During his tenure at Strategic Space, Cantrell also became involved in the technical and financial development of several startups including Skybox Imaging, Atlas Ground Systems, Iceye, PlanetIQ, York Space Systems, and Black Sky.

=== IDair ===
In 2013, Cantrell was hired as the CEO of IDair, a biometric authentication technology company, to turn the company around and settle existing legal disputes. As CEO, he reorganized the firm and led product development efforts at the company. He stepped down from the position in 2014 after obtaining a $17M settlement in IDair's favor.

=== Vector ===
In 2015, Cantrell approached John Garvey with a business idea to develop micro launch vehicles to service the microsatellite community. Vector purchased Garvey's company, Garvey Spacecraft, to jumpstart launch vehicle development and speed up time to market. Cantrell stepped down as CEO of Strategic Space Development (now known as StratSpace) to serve as the CEO of Vector. By late 2019, Vector had raised $100 million in venture funding and $2.5 million in contracts. The company originally planned to launch its first orbital vehicle by mid 2018 but development problems delayed the first launch. After the anchor investor pulled out, the company filed for Chapter 11 in December 2019.

=== Phantom Space ===
Cantrell founded Phantom Space in 2019 with Mike D’Angelo. The Arizona-based company plans to manufacture enough rockets to launch 100 missions a year. Cantrell has described Phantom Space as wanting to be the "Henry Ford" of the space industry, referring to the company's efforts to mass produce rockets and space vehicles. On the docket is Phantom's Daytona rocket, which is about 61 feet long and capable of launching nearly 1,000 pounds into low-Earth orbit at a cost of $4 million per mission.

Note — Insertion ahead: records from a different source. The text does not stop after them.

lemma odd_le_16_has_prime_factor_le_13:
  fixes d :: nat
  assumes "odd d" "1 < d" "d \<le> 16"
  shows "3 dvd d \<or> 5 dvd d \<or> 7 dvd d \<or> 11 dvd d \<or> 13 dvd d"
proof -
  have "\<forall>d\<in>{..<17::nat}. odd d \<longrightarrow> 1 < d \<longrightarrow> 3 dvd d \<or> 5 dvd d \<or> 7 dvd d \<or> 11 dvd d \<or> 13 dvd d"
    by (simp add: lessThan_nat_numeral)
  with assms show ?thesis
    by simp
qed

lemma not_square_plus_practical:
  fixes n x P :: nat
  assumes "practical P"
    and "n mod 16 \<notin> {0,1,4,9}" "n mod 3 = 2" "n mod 5 = 2" "n mod 7 = 3" "n mod 11 = 10" "n mod 13 = 7"
  shows "n \<noteq> x^2 + P"
proof
  assume n: "n = x^2 + P"
  have mod_n: "(x^2 mod p + P mod p) mod p = n mod p" for p
    by (simp add: n mod_add_eq)
  note sq = squares_mod_small_moduli[of x]
  have not_dvd_3: "\<not> 3 dvd P"
    using mod_n[of 3] sq(1) assms(3) by auto
  have not_dvd_5: "\<not> 5 dvd P"
    using mod_n[of 5] sq(2) assms(4) by auto
  have not_dvd_7: "\<not> 7 dvd P"
    using mod_n[of 7] sq(3) assms(5) by auto
  have not_dvd_11: "\<not> 11 dvd P"
    using mod_n[of 11] sq(4) assms(6) by auto
  have not_dvd_13: "\<not> 13 dvd P"
    using mod_n[of 13] sq(5) assms(7) by auto
  have not_dvd_16: "\<not> 16 dvd P"
    using mod_n[of 16] sq(6) assms(2) by auto
  have not_pow2: "P \<notin> {1,2,4,8}"
    using mod_n[of 11] mod_n[of 13] sq(4,5) assms(6,7) by auto
  define e where "e = multiplicity 2 P"
  obtain m where m: "P = 2^e * m" "odd m"
    using multiplicity_decompose'[of P 2] practical_pos[OF assms(1)] unfolding e_def by auto
  have "e \<le> 3"
  proof (rule ccontr)
    assume "\<not> e \<le> 3"
    then have "(2::nat)^4 dvd 2^e"
      by (intro le_imp_power_dvd) simp
    then have "2^4 dvd P"
      using m(1) by (metis dvd_mult2)
    with not_dvd_16 show False
      by simp
  qed
  have "1 < m"
  proof (rule ccontr)
    assume "\<not> 1 < m"
    with odd_pos[OF m(2)] have "m = 1"
      by linarith
    moreover have "e = 0 \<or> e = 1 \<or> e = 2 \<or> e = 3"
      using \<open>e \<le> 3\<close> by linarith
    ultimately show False
      using m(1) not_pow2 by auto
  qed
  with assms(1) m obtain d where d: "d dvd m" "1 < d" "d \<le> 2^(e+1)"
    using practical_odd_part_has_small_divisor[of e m] by auto
  have "odd d"
    using d(1) m(2) dvd_trans by blast
  moreover have "d \<le> 16"
    using d(3) power_increasing[of "e+1" 4 "2::nat"] \<open>e \<le> 3\<close> by simp
  moreover have "d dvd P"
    using d(1) m(1) by (metis dvd_mult)
  ultimately show False
    using odd_le_16_has_prime_factor_le_13[of d] d(2)
      not_dvd_3 not_dvd_5 not_dvd_7 not_dvd_11 not_dvd_13 dvd_trans
    by blast
qed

Phantom is also working on a communications network called Phantom Cloud, which Cantrell calls "satellite internet for space." It is essentially a network that satellites can use to communicate with each other or with systems on the surface.

=== Board of advisors ===
Throughout his career, Cantrell served on corporate boards of several companies in the aerospace industry. In 2004, he became a board member at the Paragon Space Development Corporation and served there until 2013. He was on the Planetary Society's board of advisors from 2007 to 2012. He has also served on ATLAS Space Board of Advisors, Morf3D Board of Advisors, Iceye, and York Space Systems Board of Advisors. Cantrell also served on source selection panels for NASA reviewing proposals for deep space and space science missions for 15 years.

=== Road racing ===
Cantrell began racing on go-carts in his teen years, later transitioning to drag racing in 1982-1985. He began pursuing a career in racing in 2005. Since then he has participated in 25 Hours of Thunderhill, 24 Hours of Daytona Classic, SCCA GT-1 Championship events (placing 13th and 7th nationally in SCCA GT-1 championships) and vintage races all over the United States. He was the SCCA regional champion in Arizona in C Sports Racing in 2013 and 2014 and has been on the Arizona Region Sports Car Club of America's board since 2012 and currently serves as Regional Executive.

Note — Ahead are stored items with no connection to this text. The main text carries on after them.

(* Let $M$ be a monoid and let $X$ be a finite $M$-partial order. Then (i) $\mathrm{Fr}(X)$, with the action $ax=\{ai : i\in x\}$ for $a\in M$, $x\in \mathrm{Fr}(X)$, is a strong $M$-partial order; and (ii) the function $\pi\colon \mathrm{Fr}(X)\to X$ given by $\pi(x)=\max x$ is an epimorphism of $M$-partial orders.
   Context: A monoid acting on a set acts with the identity acting as the identity map. An $M$-partial order is a set $X$ with an action of $M$ and a partial order $\leq_X$ such that $x\leq_X y$ implies $ax\leq_X ay$. It is strong if for all $y\in X$, $a\in M$: $\{ax : x\leq_X y\}=\{x\in X : x\leq_X ay\}$. For $M$-partial orders $X,Y$, a map $f\colon X\to Y$ is an epimorphism if it is onto, $M$-equivariant, and $\leq_Y$ is the image of $\leq_X$ under $f\times f$ (i.e. $y\leq_Y y'$ iff there are $x\leq_X x'$ with $f(x)=y$, $f(x')=y'$). For a finite partial order $X$, $\mathrm{Fr}(X)$ is the set of non-empty subsets of $X$ linearly ordered by $\leq_X$, ordered by: $x\leq_{\mathrm{Fr}(X)} y$ iff $x\subseteq y$ and $i<_X j$ for all $i\in x$ and $j\in y\setminus x$. *)

theory Defs
  imports Main
begin

definition monoid_action :: "'x set \<Rightarrow> ('m::monoid_mult \<Rightarrow> 'x \<Rightarrow> 'x) \<Rightarrow> bool" where
  "monoid_action X act \<longleftrightarrow>
     (\<forall>a. \<forall>x\<in>X. act a x \<in> X) \<and>
     (\<forall>x\<in>X. act 1 x = x) \<and>
     (\<forall>a b. \<forall>x\<in>X. act (a * b) x = act a (act b x))"

definition partial_order_rel :: "'x set \<Rightarrow> 'x rel \<Rightarrow> bool" where
  "partial_order_rel X r \<longleftrightarrow>
     r \<subseteq> X \<times> X \<and>
     (\<forall>x\<in>X. (x, x) \<in> r) \<and>
     (\<forall>x y. (x, y) \<in> r \<and> (y, x) \<in> r \<longrightarrow> x = y) \<and>
     (\<forall>x y z. (x, y) \<in> r \<and> (y, z) \<in> r \<longrightarrow> (x, z) \<in> r)"

definition M_partial_order :: "'x set \<Rightarrow> 'x rel \<Rightarrow> ('m::monoid_mult \<Rightarrow> 'x \<Rightarrow> 'x) \<Rightarrow> bool" where
  "M_partial_order X r act \<longleftrightarrow>
     monoid_action X act \<and> partial_order_rel X r \<and>
     (\<forall>a x y. (x, y) \<in> r \<longrightarrow> (act a x, act a y) \<in> r)"

definition strong_M_partial_order :: "'x set \<Rightarrow> 'x rel \<Rightarrow> ('m::monoid_mult \<Rightarrow> 'x \<Rightarrow> 'x) \<Rightarrow> bool" where
  "strong_M_partial_order X r act \<longleftrightarrow>
     M_partial_order X r act \<and>
     (\<forall>y\<in>X. \<forall>a. {act a x | x. (x, y) \<in> r} = {x \<in> X. (x, act a y) \<in> r})"

definition M_epimorphism ::
  "'x set \<Rightarrow> 'x rel \<Rightarrow> ('m::monoid_mult \<Rightarrow> 'x \<Rightarrow> 'x) \<Rightarrow>
   'y set \<Rightarrow> 'y rel \<Rightarrow> ('m \<Rightarrow> 'y \<Rightarrow> 'y) \<Rightarrow> ('x \<Rightarrow> 'y) \<Rightarrow> bool" where
  "M_epimorphism X rX actX Y rY actY f \<longleftrightarrow>
     M_partial_order X rX actX \<and> M_partial_order Y rY actY \<and>
     f ` X = Y \<and>
     (\<forall>a. \<forall>x\<in>X. f (actX a x) = actY a (f x)) \<and>
     rY = (\<lambda>(x, x'). (f x, f x')) ` rX"

definition Fr :: "'x set \<Rightarrow> 'x rel \<Rightarrow> 'x set set" where
  "Fr X r = {x. x \<subseteq> X \<and> x \<noteq> {} \<and> (\<forall>i\<in>x. \<forall>j\<in>x. (i, j) \<in> r \<or> (j, i) \<in> r)}"

definition Fr_rel :: "'x set \<Rightarrow> 'x rel \<Rightarrow> 'x set rel" where
  "Fr_rel X r = {(x, y). x \<in> Fr X r \<and> y \<in> Fr X r \<and> x \<subseteq> y \<and>
                  (\<forall>i\<in>x. \<forall>j\<in>y - x. (i, j) \<in> r \<and> i \<noteq> j)}"

definition Fr_act :: "('m \<Rightarrow> 'x \<Rightarrow> 'x) \<Rightarrow> 'm \<Rightarrow> 'x set \<Rightarrow> 'x set" where
  "Fr_act act a x = act a ` x"

definition Fr_max :: "'x rel \<Rightarrow> 'x set \<Rightarrow> 'x" where
  "Fr_max r x = (THE m. m \<in> x \<and> (\<forall>i\<in>x. (i, m) \<in> r))"

end

theory Submission
  imports Defs
begin

text \<open>The action on Fr(X) is the pointwise image, which preserves chains and, by monotonicity,
  the relation "x is an initial segment of y". Strongness amounts to lifting an initial segment
  z of a y back along a: the preimage x = {i \<in> y. a i \<in> z} is an initial segment of y, since
  for i \<in> x and j \<in> y - x the chain y forces i \<le> j or j \<le> i, and j \<le> i would give
  a j \<le> a i, contradicting a i < a j. For finite X every chain has a
  maximum; taking maxima commutes with the action by monotonicity, is onto via singletons, and
  every i \<le> j is the image of the pair of chains {i} \<le> {i, j}.\<close>

lemma partial_order_relD:
  assumes "partial_order_rel X r"
  shows "r \<subseteq> X \<times> X"
    and "x \<in> X \<Longrightarrow> (x, x) \<in> r"
    and "(x, y) \<in> r \<Longrightarrow> (y, x) \<in> r \<Longrightarrow> x = y"
    and "(x, y) \<in> r \<Longrightarrow> (y, z) \<in> r \<Longrightarrow> (x, z) \<in> r"
  using assms unfolding partial_order_rel_def by blast+

lemma M_partial_orderD:
  assumes "M_partial_order X r act"
  shows "monoid_action X act" and "partial_order_rel X r"
    and "(x, y) \<in> r \<Longrightarrow> (act a x, act a y) \<in> r"
  using assms unfolding M_partial_order_def by blast+

lemma finite_chain_has_greatest:
  assumes "partial_order_rel X r" and "finite C" and "C \<noteq> {}"
    and "\<forall>i\<in>C. \<forall>j\<in>C. (i, j) \<in> r \<or> (j, i) \<in> r"
  shows "\<exists>m\<in>C. \<forall>i\<in>C. (i, m) \<in> r"
  using assms(2-4)
proof (induction C rule: finite_ne_induct)
  case (singleton a)
  then show ?case by auto
next
  case (insert a F)
  then obtain m where m: "m \<in> F" "\<forall>i\<in>F. (i, m) \<in> r" by auto
  have "(m, a) \<in> r \<or> (a, m) \<in> r" using insert.prems m by auto
  then show ?case
  proof
    assume "(m, a) \<in> r"
    moreover have "(a, a) \<in> r" using insert.prems by auto
    ultimately have "\<forall>i\<in>insert a F. (i, a) \<in> r"
      using m partial_order_relD(4)[OF assms(1)] by blast
    then show ?thesis by blast
  qed (use m in auto)
qed

lemma Fr_max_eqI:
  assumes "partial_order_rel X r" and "m \<in> C" and "\<forall>i\<in>C. (i, m) \<in> r"
  shows "Fr_max r C = m"
  unfolding Fr_max_def
  using assms partial_order_relD(3)[OF assms(1)] by (intro the_equality) blast+

lemma Fr_max_greatest:
  assumes "partial_order_rel X r" and "finite X" and "C \<in> Fr X r"
  shows "Fr_max r C \<in> C" and "\<forall>i\<in>C. (i, Fr_max r C) \<in> r"
proof -
  have C: "C \<subseteq> X" "C \<noteq> {}" "\<forall>i\<in>C. \<forall>j\<in>C. (i, j) \<in> r \<or> (j, i) \<in> r"
    using assms(3) unfolding Fr_def by auto
  have "finite C" using C(1) assms(2) by (rule finite_subset)
  then obtain m where m: "m \<in> C" "\<forall>i\<in>C. (i, m) \<in> r"
    using finite_chain_has_greatest[OF assms(1) _ C(2,3)] by blast
  moreover have "Fr_max r C = m" using Fr_max_eqI[OF assms(1) m] .
  ultimately show "Fr_max r C \<in> C" and "\<forall>i\<in>C. (i, Fr_max r C) \<in> r"
    by simp_all
qed

lemma Fr_act_in_Fr:
  assumes "M_partial_order X r act" and "C \<in> Fr X r"
  shows "Fr_act act a C \<in> Fr X r"
proof -
  have "act a x \<in> X" if "x \<in> X" for x
    using that M_partial_orderD(1)[OF assms(1)] unfolding monoid_action_def by blast
  then show ?thesis
    using assms(2) M_partial_orderD(3)[OF assms(1)] unfolding Fr_def Fr_act_def by blast
qed

lemma monoid_action_Fr_act:
  assumes "M_partial_order X r act"
  shows "monoid_action (Fr X r) (Fr_act act)"
  unfolding monoid_action_def
proof (intro conjI allI ballI)
  fix a b C assume "C \<in> Fr X r"
  then have C: "C \<subseteq> X" unfolding Fr_def by blast
  have "act 1 x = x" "act (a * b) x = act a (act b x)" if "x \<in> X" for x
    using that M_partial_orderD(1)[OF assms] unfolding monoid_action_def by auto
  with C show "Fr_act act 1 C = C" "Fr_act act (a * b) C = Fr_act act a (Fr_act act b C)"
    unfolding Fr_act_def image_image by (force intro: image_cong)+
qed (use Fr_act_in_Fr[OF assms] in blast)

lemma Fr_rel_trans:
  assumes "(x, y) \<in> Fr_rel X r" and "(y, z) \<in> Fr_rel X r"
  shows "(x, z) \<in> Fr_rel X r"
proof -
  have "(i, j) \<in> r \<and> i \<noteq> j" if "i \<in> x" "j \<in> z - x" for i j
    using assms that unfolding Fr_rel_def by (cases "j \<in> y") auto
  then show ?thesis using assms unfolding Fr_rel_def by auto
qed

lemma partial_order_rel_Fr_rel: "partial_order_rel (Fr X r) (Fr_rel X r)"
  unfolding partial_order_rel_def
proof (intro conjI allI impI)
  show "\<And>x y z. (x, y) \<in> Fr_rel X r \<and> (y, z) \<in> Fr_rel X r \<Longrightarrow> (x, z) \<in> Fr_rel X r"
    using Fr_rel_trans by blast
qed (auto simp: Fr_rel_def)

lemma Fr_rel_act_mono:
  assumes "M_partial_order X r act" and "(x, y) \<in> Fr_rel X r"
  shows "(Fr_act act a x, Fr_act act a y) \<in> Fr_rel X r"
proof -
  have x: "x \<in> Fr X r" and y: "y \<in> Fr X r" and "x \<subseteq> y"
    and below: "\<forall>i\<in>x. \<forall>j\<in>y - x. (i, j) \<in> r \<and> i \<noteq> j"
    using assms(2) unfolding Fr_rel_def by auto
  have "(act a i, act a j) \<in> r" if "i \<in> x" "j \<in> y - x" for i j
    using that below M_partial_orderD(3)[OF assms(1)] by blast
  then have "\<forall>i'\<in>act a ` x. \<forall>j'\<in>act a ` y - act a ` x. (i', j') \<in> r \<and> i' \<noteq> j'"
    by blast
  with \<open>x \<subseteq> y\<close> Fr_act_in_Fr[OF assms(1) x] Fr_act_in_Fr[OF assms(1) y] show ?thesis
    unfolding Fr_rel_def Fr_act_def by auto
qed

lemma M_partial_order_Fr:
  assumes "M_partial_order X r act"
  shows "M_partial_order (Fr X r) (Fr_rel X r) (Fr_act act)"
  unfolding M_partial_order_def
  using monoid_action_Fr_act[OF assms] partial_order_rel_Fr_rel Fr_rel_act_mono[OF assms]
  by (intro conjI allI impI)

lemma Fr_rel_below_act_lift:
  assumes "M_partial_order X r act" and y: "y \<in> Fr X r"
    and z: "(z, Fr_act act a y) \<in> Fr_rel X r"
  defines "x \<equiv> {i \<in> y. act a i \<in> z}"
  shows "(x, y) \<in> Fr_rel X r" and "Fr_act act a x = z"
proof -
  have "z \<in> Fr X r" and "z \<subseteq> act a ` y"
    and below: "\<forall>i\<in>z. \<forall>j\<in>act a ` y - z. (i, j) \<in> r \<and> i \<noteq> j"
    using z unfolding Fr_rel_def Fr_act_def by simp_all
  from \<open>z \<subseteq> act a ` y\<close> show image: "Fr_act act a x = z"
    unfolding x_def Fr_act_def by auto
  have chain: "\<forall>i\<in>y. \<forall>j\<in>y. (i, j) \<in> r \<or> (j, i) \<in> r"
    using y unfolding Fr_def by auto
  have "(i, j) \<in> r \<and> i \<noteq> j" if i: "i \<in> x" and j: "j \<in> y - x" for i j
  proof -
    have "(act a i, act a j) \<in> r" "act a i \<noteq> act a j"
      using i j below unfolding x_def by auto
    then have "(j, i) \<notin> r"
      using M_partial_orderD(3)[OF assms(1)]
        partial_order_relD(3)[OF M_partial_orderD(2)[OF assms(1)]] by blast
    then show ?thesis using chain i j unfolding x_def by auto
  qed
  moreover have "x \<in> Fr X r"
    using y image \<open>z \<in> Fr X r\<close> unfolding x_def Fr_def Fr_act_def by auto
  ultimately show "(x, y) \<in> Fr_rel X r"
    using y unfolding Fr_rel_def x_def by auto
qed

lemma strong_M_partial_order_Fr:
  assumes "M_partial_order X r act"
  shows "strong_M_partial_order (Fr X r) (Fr_rel X r) (Fr_act act)"
  unfolding strong_M_partial_order_def
proof (intro conjI ballI allI)
  fix y a assume y: "y \<in> Fr X r"
  show "{Fr_act act a x | x. (x, y) \<in> Fr_rel X r} = {z \<in> Fr X r. (z, Fr_act act a y) \<in> Fr_rel X r}"
  proof (intro equalityI subsetI)
    fix w assume "w \<in> {Fr_act act a x | x. (x, y) \<in> Fr_rel X r}"
    then obtain x where w: "w = Fr_act act a x" and xy: "(x, y) \<in> Fr_rel X r" by blast
    have "(w, Fr_act act a y) \<in> Fr_rel X r" using Fr_rel_act_mono[OF assms xy] w by simp
    moreover from this have "w \<in> Fr X r" unfolding Fr_rel_def by blast
    ultimately show "w \<in> {z \<in> Fr X r. (z, Fr_act act a y) \<in> Fr_rel X r}" by blast
  next
    fix z assume "z \<in> {z \<in> Fr X r. (z, Fr_act act a y) \<in> Fr_rel X r}"
    then have "(z, Fr_act act a y) \<in> Fr_rel X r" by simp
    from Fr_rel_below_act_lift[OF assms y this]
    show "z \<in> {Fr_act act a x | x. (x, y) \<in> Fr_rel X r}" by blast
  qed
qed (rule M_partial_order_Fr[OF assms])

lemma Fr_max_singleton:
  assumes "partial_order_rel X r" and "i \<in> X"
  shows "{i} \<in> Fr X r" and "Fr_max r {i} = i"
proof -
  have "(i, i) \<in> r" using partial_order_relD(2)[OF assms] .
  then show "{i} \<in> Fr X r" "Fr_max r {i} = i"
    using assms(2) Fr_max_eqI[OF assms(1), of i "{i}"] unfolding Fr_def by auto
qed

lemma Fr_max_act:
  assumes "M_partial_order X r act" and "finite X" and "C \<in> Fr X r"
  shows "Fr_max r (Fr_act act a C) = act a (Fr_max r C)"
proof -
  note po = M_partial_orderD(2)[OF assms(1)]
  have "act a (Fr_max r C) \<in> act a ` C" "\<forall>i\<in>act a ` C. (i, act a (Fr_max r C)) \<in> r"
    using Fr_max_greatest[OF po assms(2,3)] M_partial_orderD(3)[OF assms(1)] by blast+
  then show ?thesis unfolding Fr_act_def by (rule Fr_max_eqI[OF po])
qed

lemma image_Fr_max:
  assumes "partial_order_rel X r" and "finite X"
  shows "Fr_max r ` Fr X r = X"
proof
  show "Fr_max r ` Fr X r \<subseteq> X"
    using Fr_max_greatest(1)[OF assms] unfolding Fr_def by blast
  show "X \<subseteq> Fr_max r ` Fr X r"
    using Fr_max_singleton[OF assms(1)] by (metis image_eqI subsetI)
qed

lemma image_Fr_rel_Fr_max:
  assumes "partial_order_rel X r" and "finite X"
  shows "(\<lambda>(x, x'). (Fr_max r x, Fr_max r x')) ` Fr_rel X r = r"
proof (intro equalityI subsetI)
  fix p assume "p \<in> (\<lambda>(x, x'). (Fr_max r x, Fr_max r x')) ` Fr_rel X r"
  then obtain x y where p: "p = (Fr_max r x, Fr_max r y)" and xy: "(x, y) \<in> Fr_rel X r"
    by auto
  from xy have "x \<in> Fr X r" "y \<in> Fr X r" "x \<subseteq> y" unfolding Fr_rel_def by auto
  with p show "p \<in> r" using Fr_max_greatest[OF assms] by blast
next
  fix p assume "p \<in> r"
  then obtain i j where p: "p = (i, j)" and ij: "(i, j) \<in> r" by (cases p) auto
  then have X: "i \<in> X" "j \<in> X" using partial_order_relD(1)[OF assms(1)] by auto
  have refl: "(i, i) \<in> r" "(j, j) \<in> r" using X partial_order_relD(2)[OF assms(1)] by auto
  have "{i, j} \<in> Fr X r" using X ij refl unfolding Fr_def by auto
  then have "({i}, {i, j}) \<in> Fr_rel X r"
    using Fr_max_singleton(1)[OF assms(1) X(1)] ij unfolding Fr_rel_def by auto
  moreover have "Fr_max r {i, j} = j" using Fr_max_eqI[OF assms(1), of j "{i, j}"] ij refl by simp
  moreover have "Fr_max r {i} = i" using Fr_max_singleton(2)[OF assms(1) X(1)] .
  ultimately show "p \<in> (\<lambda>(x, x'). (Fr_max r x, Fr_max r x')) ` Fr_rel X r"
    unfolding p by (force intro: image_eqI[where x = "({i}, {i, j})"])
qed

lemma M_epimorphism_Fr_max:
  assumes "M_partial_order X r act" and "finite X"
  shows "M_epimorphism (Fr X r) (Fr_rel X r) (Fr_act act) X r act (Fr_max r)"
proof -
  note po = M_partial_orderD(2)[OF assms(1)]
  show ?thesis
    unfolding M_epimorphism_def
    using M_partial_order_Fr[OF assms(1)] assms(1) Fr_max_act[OF assms]
      image_Fr_max[OF po assms(2)] image_Fr_rel_Fr_max[OF po assms(2)]
    by (intro conjI ballI allI) simp_all
qed

theorem lemma2p2:
  fixes X :: "'x set" and r :: "'x rel" and act :: "'m::monoid_mult \<Rightarrow> 'x \<Rightarrow> 'x"
  assumes "finite X"
    and "M_partial_order X r act"
  shows "strong_M_partial_order (Fr X r) (Fr_rel X r) (Fr_act act)
       \<and> M_epimorphism (Fr X r) (Fr_rel X r) (Fr_act act) X r act (Fr_max r)"
  using strong_M_partial_order_Fr[OF assms(2)] M_epimorphism_Fr_max[OF assms(2,1)] by blast

end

In 2005, he founded Vintage Exotics Competition Engineering, which designs and restores vintage racing cars. He was the Competition Driving Instructor at Raptor Motorsports from 2010 to 2012.

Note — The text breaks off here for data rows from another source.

lemma compactin_iff_finitely_covered:
  "compactin X S \<longleftrightarrow> S \<subseteq> topspace X \<and>
     (\<forall>\<U>. (\<forall>U\<in>\<U>. openin X U) \<and> S \<subseteq> \<Union>\<U> \<longrightarrow> finitely_covered \<U> S)"
  by (simp add: compactin_def finitely_covered_def)

lemma mem_graph_groupoid:
  "g \<in> graph_groupoid E1 r s \<longleftrightarrow> fst g \<in> inf_paths E1 r s \<and> snd (snd g) \<in> inf_paths E1 r s \<and>
     (\<exists>m n. fst (snd g) = int m - int n \<and> shift m (fst g) = shift n (snd (snd g)))"
  unfolding graph_groupoid_def by (cases g) auto

locale bratteli_rotation =
  fixes V :: "nat \<Rightarrow> 'v set" and E1 :: "'e set" and r s :: "'e \<Rightarrow> 'v"
    and lab :: "'e \<Rightarrow> nat"
  assumes bratteli: "bratteli_diagram V E1 r s"
    and big: "\<And>n v w. v \<in> V n \<Longrightarrow> w \<in> V (Suc n) \<Longrightarrow> kk E1 r s v w > n"
    and labelling: "\<And>n v w. v \<in> V n \<Longrightarrow> w \<in> V (Suc n) \<Longrightarrow>
                       bij_betw lab (edges_between E1 r s v w) {..<kk E1 r s v w}"
begin

abbreviation "E0 \<equiv> \<Union>n. V n"
abbreviation "EB e \<equiv> edges_between E1 r s (r e) (s e)"
abbreviation "K e \<equiv> kk E1 r s (r e) (s e)"

lemma edge_level: "e \<in> E1 \<Longrightarrow> \<exists>n. r e \<in> V n \<and> s e \<in> V (Suc n)"
  using bratteli unfolding bratteli_diagram_def by blast

lemma level_unique: "v \<in> V m \<Longrightarrow> v \<in> V n \<Longrightarrow> m = n"
  using bratteli unfolding bratteli_diagram_def by blast

lemma lab_bij: "e \<in> E1 \<Longrightarrow> bij_betw lab (EB e) {..<K e}"
  using edge_level labelling by blast

lemma K_pos: "e \<in> E1 \<Longrightarrow> K e > 0"
  using edge_level big by fastforce

lemma lab_less_K: "e \<in> E1 \<Longrightarrow> lab e < K e"
  using lab_bij[of e] by (auto simp: bij_betw_def edges_between_def)

lemma EB_iff: "e' \<in> EB e \<longleftrightarrow> e' \<in> E1 \<and> r e' = r e \<and> s e' = s e"
  by (auto simp: edges_between_def)

lemma lab_eqI: "e \<in> E1 \<Longrightarrow> e' \<in> EB e \<Longrightarrow> lab e' = lab e \<Longrightarrow> e' = e"
  using lab_bij[of e] by (auto simp: bij_betw_def inj_on_def edges_between_def)

lemma edge_with_label:
  assumes "e \<in> E1" "i < K e"
  shows "(THE e'. e' \<in> EB e \<and> lab e' = i) \<in> EB e \<and> lab (THE e'. e' \<in> EB e \<and> lab e' = i) = i"
proof (rule theI')
  obtain e' where "e' \<in> EB e" "lab e' = i"
    using assms lab_bij[OF assms(1)] by (metis bij_betw_def imageE lessThan_iff)
  then show "\<exists>!e'. e' \<in> EB e \<and> lab e' = i"
    using lab_bij[OF assms(1)] unfolding bij_betw_def inj_on_def by blast
qed

definition rot :: "int \<Rightarrow> 'e \<Rightarrow> 'e" where
  "rot l e = (THE e'. e' \<in> EB e \<and> lab e' = nat ((int (lab e) + l) mod int (K e)))"

lemma rot_spec:
  assumes "e \<in> E1"
  shows "rot l e \<in> EB e \<and> int (lab (rot l e)) = (int (lab e) + l) mod int (K e)"
  using edge_with_label[OF assms, of "nat ((int (lab e) + l) mod int (K e))"] K_pos[OF assms]
  by (simp add: rot_def nat_less_iff)

lemma rot_eqI:
  assumes "e \<in> E1" "e' \<in> EB e" "int (lab e') = (int (lab e) + l) mod int (K e)"
  shows "rot l e = e'"
proof -
  have "e' \<in> E1" "r e' = r e" "s e' = s e" using assms(2) by (auto simp: EB_iff)
  moreover have "rot l e \<in> EB e" "int (lab (rot l e)) = int (lab e')"
    using rot_spec[OF assms(1)] assms(3) by auto
  ultimately show ?thesis using lab_eqI[of e' "rot l e"] by (simp add: EB_iff)
qed

lemma rot_in_E1 [simp]: "e \<in> E1 \<Longrightarrow> rot l e \<in> E1"
  and r_rot [simp]: "e \<in> E1 \<Longrightarrow> r (rot l e) = r e"
  and s_rot [simp]: "e \<in> E1 \<Longrightarrow> s (rot l e) = s e"
  using rot_spec[of e l] by (auto simp: EB_iff)

lemma rot_rot: "e \<in> E1 \<Longrightarrow> rot l (rot m e) = rot (l + m) e"
  using rot_spec[of e m] rot_spec[of "rot m e" l]
  by (intro rot_eqI[symmetric]) (auto simp: EB_iff mod_add_right_eq ac_simps)

lemma rot_fixed_iff: "e \<in> E1 \<Longrightarrow> rot l e = e \<longleftrightarrow> int (K e) dvd l"
proof -
  assume e: "e \<in> E1"
  have "lab e = (lab e + l) mod K e \<longleftrightarrow> int (K e) dvd l"
    using lab_less_K[OF e] mod_eq_dvd_iff[of "int (lab e)" "int (K e)" "int (lab e) + l"]
    by simp
  moreover have "rot l e = e \<longleftrightarrow> int (lab e) = (int (lab e) + l) mod int (K e)"
    using rot_eqI[OF e, of e l] rot_spec[OF e, of l] by (auto simp: EB_iff e)
  ultimately show ?thesis by simp
qed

=== Books published by Cantrell ===
In April 2023, Cantrell published his first book "Breaking All The Rules: The Inside Story Of The New Space Race". This book traces the origins of a second space race that began at the end of the 1960's US-Soviet space race and eventually led to the creation of SpaceX and the explosive growth in commercial space. The story covers how this revolution began with a band of misfit engineers and scientists; Cantrell describes the events in first person narrative, detailing his early days with Elon Musk and SpaceX and how the new space economy was eventually ignited with the money and vision of billionaires such as Musk, Jeff Bezos, and Richard Branson.